Problem details: The first line of the entries below, the line containing "weights add up to", and every line between them should be repeated exactly, and nothing else.

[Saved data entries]
(* Let $i\in\{1,\dots,d\}$, let $I\subseteq\{1,\dots,d\}$ with $|I|=i$, and let $\omega=(\omega_0,\dots,\omega_d)\in\mathbb{R}^{d+1}_{>0}$. Then, identifying $L_I=\operatorname{span}\{e_k:k\in I\}$ with $\mathbb{R}^I$ by restricting to the coordinates in $I$, $$S(\omega)\cap L_I=S\Big(\frac{1}{\sum_{k\in\{0,\dots,d\}\setminus I}\frac{1}{\omega_k}},\ (\omega_j)_{j\in I}\Big)\subseteq\mathbb{R}^I.$$
   Context: For $\omega=(\omega_0,\dots,\omega_n)\in\mathbb{R}^{n+1}_{>0}$, $S(\omega)=\operatorname{conv}(-\omega_0\mathbb{1}_n,\omega_1e_1,\dots,\omega_ne_n)\subseteq\mathbb{R}^n$, where $\mathbb{1}_n$ is the all-ones vector and $e_k$ the standard basis vectors. In the right-hand side, the first weight plays the role of $\omega_0$ and the coordinates of $\mathbb{R}^I$ are indexed by $I$. *)

theory Defs
  imports "HOL-Analysis.Analysis"
begin

text \<open>S restricted to the coordinate set J, realised inside real^'n as the
coordinate subspace L_J (vectors vanishing outside J):
  S_J(w0, (w_j)_{j in J}) = conv(-w0 * 1_J, w_j e_j (j in J)).\<close>
definition S_on :: "'n::finite set \<Rightarrow> real \<Rightarrow> real^'n \<Rightarrow> (real^'n) set" where
  "S_on J w0 w = convex hull
     (insert (\<chi> k. if k \<in> J then - w0 else 0) ((\<lambda>j. w $ j *\<^sub>R axis j 1) ` J))"

definition S :: "real \<Rightarrow> real^'n::finite \<Rightarrow> (real^'n) set" where
  "S w0 w = S_on UNIV w0 w"

definition L :: "'n::finite set \<Rightarrow> (real^'n) set" where
  "L I = span ((\<lambda>k. axis k 1) ` I)"

end

theory Submission
  imports Defs
begin

text \<open>Write a point of \<open>S_on J w0 w\<close> in barycentric coordinates: weight \<open>t\<close> on the vertex
\<open>-w0 1_J\<close> and \<open>l k\<close> on \<open>w k e_k\<close>. Its \<open>k\<close>-th coordinate is \<open>-t w0 + l k w k\<close>, so it lies in
\<open>L I\<close> exactly when \<open>l k = t w0 / w k\<close> for all \<open>k \<in> J - I\<close>. These weights add up to
\<open>t w0 (D - 1/w0)\<close> with \<open>D = 1/w0 + (\<Sum>k\<in>J - I. 1 / w k)\<close>, and merging them into the first
vertex yields the barycentric coordinates of a point of \<open>S_on I (1/D) w\<close>, with weight \<open>t w0 D\<close>
on \<open>-1/D 1_I\<close>. The correspondence is bijective.\<close>

lemma L_eq_vanishing_outside: "L I = {x :: real^'n::finite. \<forall>k. k \<notin> I \<longrightarrow> x $ k = 0}"
proof -
  have "(\<lambda>k. axis k 1) ` I \<subseteq> (Basis :: (real^'n) set)"
    by (auto simp: Basis_vec_def)
  then show ?thesis
    unfolding L_def by (subst span_substd_basis) (auto simp: Basis_vec_def inner_axis axis_eq_axis)
qed

lemma mem_convex_hull_insert_image:
  fixes f :: "'a \<Rightarrow> 'b::real_vector"
  assumes "finite J" and "inj_on f J" and "p \<notin> f ` J"
  shows "x \<in> convex hull (insert p (f ` J)) \<longleftrightarrow>
    (\<exists>t l. 0 \<le> t \<and> (\<forall>j\<in>J. 0 \<le> l j) \<and> t + sum l J = 1 \<and> x = t *\<^sub>R p + (\<Sum>j\<in>J. l j *\<^sub>R f j))"
    (is "_ \<longleftrightarrow> ?barycentric")
proof -
  have sum_insert_image: "sum g (insert p (f ` J)) = g p + (\<Sum>j\<in>J. g (f j))"
    for g :: "'b \<Rightarrow> 'c::comm_monoid_add"
    using assms by (simp add: sum.reindex)
  have hull_finite: "x \<in> convex hull (insert p (f ` J)) \<longleftrightarrow>
    (\<exists>u. (\<forall>y\<in>insert p (f ` J). 0 \<le> u y) \<and> sum u (insert p (f ` J)) = 1 \<and>
         (\<Sum>y\<in>insert p (f ` J). u y *\<^sub>R y) = x)"
    using assms(1) by (simp add: convex_hull_finite)
  show ?thesis
  proof
    assume "x \<in> convex hull (insert p (f ` J))"
    then obtain u where "\<forall>y\<in>insert p (f ` J). 0 \<le> u y" "sum u (insert p (f ` J)) = 1"
      "(\<Sum>y\<in>insert p (f ` J). u y *\<^sub>R y) = x"
      using hull_finite by blast
    then show ?barycentric
      by (intro exI[of _ "u p"] exI[of _ "u \<circ> f"]) (auto simp: sum_insert_image)
  next
    assume ?barycentric
    then obtain t l where tl: "0 \<le> t" "\<forall>j\<in>J. 0 \<le> l j" "t + sum l J = 1"
      "x = t *\<^sub>R p + (\<Sum>j\<in>J. l j *\<^sub>R f j)" by blast
    define u where "u y = (if y = p then t else l (inv_into J f y))" for y
    have "u p = t" and "\<And>j. j \<in> J \<Longrightarrow> u (f j) = l j"
      using assms(2,3) by (auto simp: u_def)
    then show "x \<in> convex hull (insert p (f ` J))"
      unfolding hull_finite using tl by (intro exI[of _ u]) (auto simp: sum_insert_image)
  qed
qed

lemma mem_S_on_iff:
  fixes J :: "'n::finite set" and w :: "real^'n"
  assumes "a > 0" and "\<forall>k\<in>J. w $ k > 0"
  shows "x \<in> S_on J a w \<longleftrightarrow>
    (\<exists>t l. 0 \<le> t \<and> (\<forall>j\<in>J. 0 \<le> l j) \<and> t + sum l J = 1 \<and>
       (\<forall>k. x $ k = (if k \<in> J then - t * a + l k * w $ k else 0)))"
proof -
  define p :: "real^'n" where "p = (\<chi> k. if k \<in> J then - a else 0)"
  define f :: "'n \<Rightarrow> real^'n" where "f j = w $ j *\<^sub>R axis j 1" for j
  have f_nth: "f j $ k = (if k = j then w $ j else 0)" for j k
    by (simp add: f_def axis_def)
  have "inj_on f J"
  proof (rule inj_onI)
    fix i j assume "i \<in> J" "f i = f j"
    then have "f j $ i = w $ i" by (metis f_nth)
    then show "i = j" using assms(2) \<open>i \<in> J\<close> by (auto simp: f_nth split: if_splits)
  qed
  moreover have "p \<notin> f ` J"
  proof
    assume "p \<in> f ` J"
    then obtain j where "j \<in> J" "p $ j = f j $ j" by auto
    then show False using assms by (simp add: p_def f_nth) (metis neg_less_0_iff_less not_less_iff_gr_or_eq)
  qed
  moreover have "(t *\<^sub>R p + (\<Sum>j\<in>J. l j *\<^sub>R f j)) $ k = (if k \<in> J then - t * a + l k * w $ k else 0)"
    for t l k
    by (simp add: p_def f_nth sum_component if_distrib[of "\<lambda>c. l _ * c"] sum.delta' cong: if_cong)
  ultimately show ?thesis
    unfolding S_on_def p_def[symmetric] f_def[symmetric]
    by (simp add: mem_convex_hull_insert_image vec_eq_iff)
qed

lemma harmonic_weight_pos:
  fixes w :: "real^'n::finite"
  assumes "w0 > 0" and "\<forall>k\<in>K. w $ k > 0"
  shows "1 / w0 + (\<Sum>k\<in>K. 1 / w $ k) > 0"
  using assms by (intro add_pos_nonneg sum_nonneg) (auto simp: less_imp_le)

lemma S_on_Int_L_subset:
  fixes I J :: "'n::finite set" and w :: "real^'n"
  assumes "I \<subseteq> J" and "w0 > 0" and "\<forall>k\<in>J. w $ k > 0"
  shows "S_on J w0 w \<inter> L I \<subseteq> S_on I (1 / (1 / w0 + (\<Sum>k\<in>J - I. 1 / w $ k))) w"
proof
  fix x assume x: "x \<in> S_on J w0 w \<inter> L I"
  define D where "D = 1 / w0 + (\<Sum>k\<in>J - I. 1 / w $ k)"
  have "D > 0"
    unfolding D_def using assms by (intro harmonic_weight_pos) auto
  obtain t l where "0 \<le> t" and l_nonneg: "\<forall>j\<in>J. 0 \<le> l j" and "t + sum l J = 1"
    and x_nth: "\<forall>k. x $ k = (if k \<in> J then - t * w0 + l k * w $ k else 0)"
    using x mem_S_on_iff[OF assms(2,3)] by blast
  have vanish: "\<forall>k. k \<notin> I \<longrightarrow> x $ k = 0"
    using x by (simp add: L_eq_vanishing_outside)
  have "l k = t * w0 * (1 / w $ k)" if "k \<in> J - I" for k
  proof -
    have "- t * w0 + l k * w $ k = 0" and "w $ k > 0"
      using x_nth[rule_format, of k] vanish[rule_format, of k] assms(3) that by auto
    then show ?thesis by (simp add: field_simps)
  qed
  then have "sum l (J - I) = t * w0 * D - t"
    using \<open>w0 > 0\<close> by (simp add: D_def sum_distrib_left distrib_left)
  then have "t * w0 * D + sum l I = 1"
    using \<open>t + sum l J = 1\<close> sum.subset_diff[OF assms(1), of l] by simp
  moreover have "\<forall>k. x $ k = (if k \<in> I then - (t * w0 * D) * (1 / D) + l k * w $ k else 0)"
    using x_nth vanish assms(1) \<open>D > 0\<close> by auto
  moreover have "\<forall>j\<in>I. 0 \<le> l j" and "1 / D > 0" and "\<forall>k\<in>I. w $ k > 0"
    using l_nonneg assms(1,3) \<open>D > 0\<close> by auto
  moreover have "0 \<le> t * w0 * D"
    using \<open>0 \<le> t\<close> \<open>w0 > 0\<close> \<open>D > 0\<close> by simp
  ultimately show "x \<in> S_on I (1 / D) w"
    by (subst mem_S_on_iff) blast+
qed

lemma S_on_subset_S_on_Int_L:
  fixes I J :: "'n::finite set" and w :: "real^'n"
  assumes "I \<subseteq> J" and "w0 > 0" and "\<forall>k\<in>J. w $ k > 0"
  shows "S_on I (1 / (1 / w0 + (\<Sum>k\<in>J - I. 1 / w $ k))) w \<subseteq> S_on J w0 w \<inter> L I"
proof
  define D where "D = 1 / w0 + (\<Sum>k\<in>J - I. 1 / w $ k)"
  have "D > 0"
    unfolding D_def using assms by (intro harmonic_weight_pos) auto
  fix x assume "x \<in> S_on I (1 / D) w"
  moreover have "1 / D > 0" and "\<forall>k\<in>I. w $ k > 0"
    using assms(1,3) \<open>D > 0\<close> by auto
  ultimately obtain s l where "0 \<le> s" and l_nonneg: "\<forall>j\<in>I. 0 \<le> l j" and "s + sum l I = 1"
    and x_nth: "\<forall>k. x $ k = (if k \<in> I then - s * (1 / D) + l k * w $ k else 0)"
    using mem_S_on_iff by blast
  define t where "t = s / (D * w0)"
  define l' where "l' k = (if k \<in> I then l k else s / D * (1 / w $ k))" for k
  have "sum l' (J - I) = s / D * (D - 1 / w0)"
    by (simp add: l'_def D_def sum_distrib_left)
  also have "\<dots> = s - t"
    using \<open>D > 0\<close> \<open>w0 > 0\<close> by (simp add: t_def field_simps)
  finally have "t + sum l' J = 1"
    using \<open>s + sum l I = 1\<close> sum.subset_diff[OF assms(1), of l'] by (simp add: l'_def)
  moreover have "\<forall>k. x $ k = (if k \<in> J then - t * w0 + l' k * w $ k else 0)"
    using x_nth assms \<open>D > 0\<close> by (auto simp: t_def l'_def field_simps)
  moreover have "0 \<le> t" and "\<forall>j\<in>J. 0 \<le> l' j"
    using \<open>0 \<le> s\<close> l_nonneg assms(3) \<open>D > 0\<close> \<open>w0 > 0\<close> by (auto simp: t_def l'_def)
  ultimately have "x \<in> S_on J w0 w"
    using mem_S_on_iff[OF assms(2,3)] by blast
  moreover have "x \<in> L I"
    using x_nth by (simp add: L_eq_vanishing_outside)
  ultimately show "x \<in> S_on J w0 w \<inter> L I" by blast
qed

lemma S_on_Int_L:
  fixes I J :: "'n::finite set" and w :: "real^'n"
  assumes "I \<subseteq> J" and "w0 > 0" and "\<forall>k\<in>J. w $ k > 0"
  shows "S_on J w0 w \<inter> L I = S_on I (1 / (1 / w0 + (\<Sum>k\<in>J - I. 1 / w $ k))) w"
  using S_on_Int_L_subset[OF assms] S_on_subset_S_on_Int_L[OF assms] by (rule equalityI)

theorem lemma5p4:
  fixes I :: "'n::finite set" and w0 :: real and w :: "real^'n"
  assumes "I \<noteq> {}"
    and "w0 > 0" and "\<forall>k. w $ k > 0"
  shows "S w0 w \<inter> L I = S_on I (1 / (1 / w0 + (\<Sum>k\<in>UNIV - I. 1 / w $ k))) w"
  unfolding S_def using assms(2,3) by (intro S_on_Int_L) auto

end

Task answer:
(* Let $i\in\{1,\dots,d\}$, let $I\subseteq\{1,\dots,d\}$ with $|I|=i$, and let $\omega=(\omega_0,\dots,\omega_d)\in\mathbb{R}^{d+1}_{>0}$. Then, identifying $L_I=\operatorname{span}\{e_k:k\in I\}$ with $\mathbb{R}^I$ by restricting to the coordinates in $I$, $$S(\omega)\cap L_I=S\Big(\frac{1}{\sum_{k\in\{0,\dots,d\}\setminus I}\frac{1}{\omega_k}},\ (\omega_j)_{j\in I}\Big)\subseteq\mathbb{R}^I.$$
   Context: For $\omega=(\omega_0,\dots,\omega_n)\in\mathbb{R}^{n+1}_{>0}$, $S(\omega)=\operatorname{conv}(-\omega_0\mathbb{1}_n,\omega_1e_1,\dots,\omega_ne_n)\subseteq\mathbb{R}^n$, where $\mathbb{1}_n$ is the all-ones vector and $e_k$ the standard basis vectors. In the right-hand side, the first weight plays the role of $\omega_0$ and the coordinates of $\mathbb{R}^I$ are indexed by $I$. *)

theory Defs
  imports "HOL-Analysis.Analysis"
begin

text \<open>S restricted to the coordinate set J, realised inside real^'n as the
coordinate subspace L_J (vectors vanishing outside J):
  S_J(w0, (w_j)_{j in J}) = conv(-w0 * 1_J, w_j e_j (j in J)).\<close>
definition S_on :: "'n::finite set \<Rightarrow> real \<Rightarrow> real^'n \<Rightarrow> (real^'n) set" where
  "S_on J w0 w = convex hull
     (insert (\<chi> k. if k \<in> J then - w0 else 0) ((\<lambda>j. w $ j *\<^sub>R axis j 1) ` J))"

definition S :: "real \<Rightarrow> real^'n::finite \<Rightarrow> (real^'n) set" where
  "S w0 w = S_on UNIV w0 w"

definition L :: "'n::finite set \<Rightarrow> (real^'n) set" where
  "L I = span ((\<lambda>k. axis k 1) ` I)"

end

theory Submission
  imports Defs
begin

text \<open>Write a point of \<open>S_on J w0 w\<close> in barycentric coordinates: weight \<open>t\<close> on the vertex
\<open>-w0 1_J\<close> and \<open>l k\<close> on \<open>w k e_k\<close>. Its \<open>k\<close>-th coordinate is \<open>-t w0 + l k w k\<close>, so it lies in
\<open>L I\<close> exactly when \<open>l k = t w0 / w k\<close> for all \<open>k \<in> J - I\<close>. These weights add up to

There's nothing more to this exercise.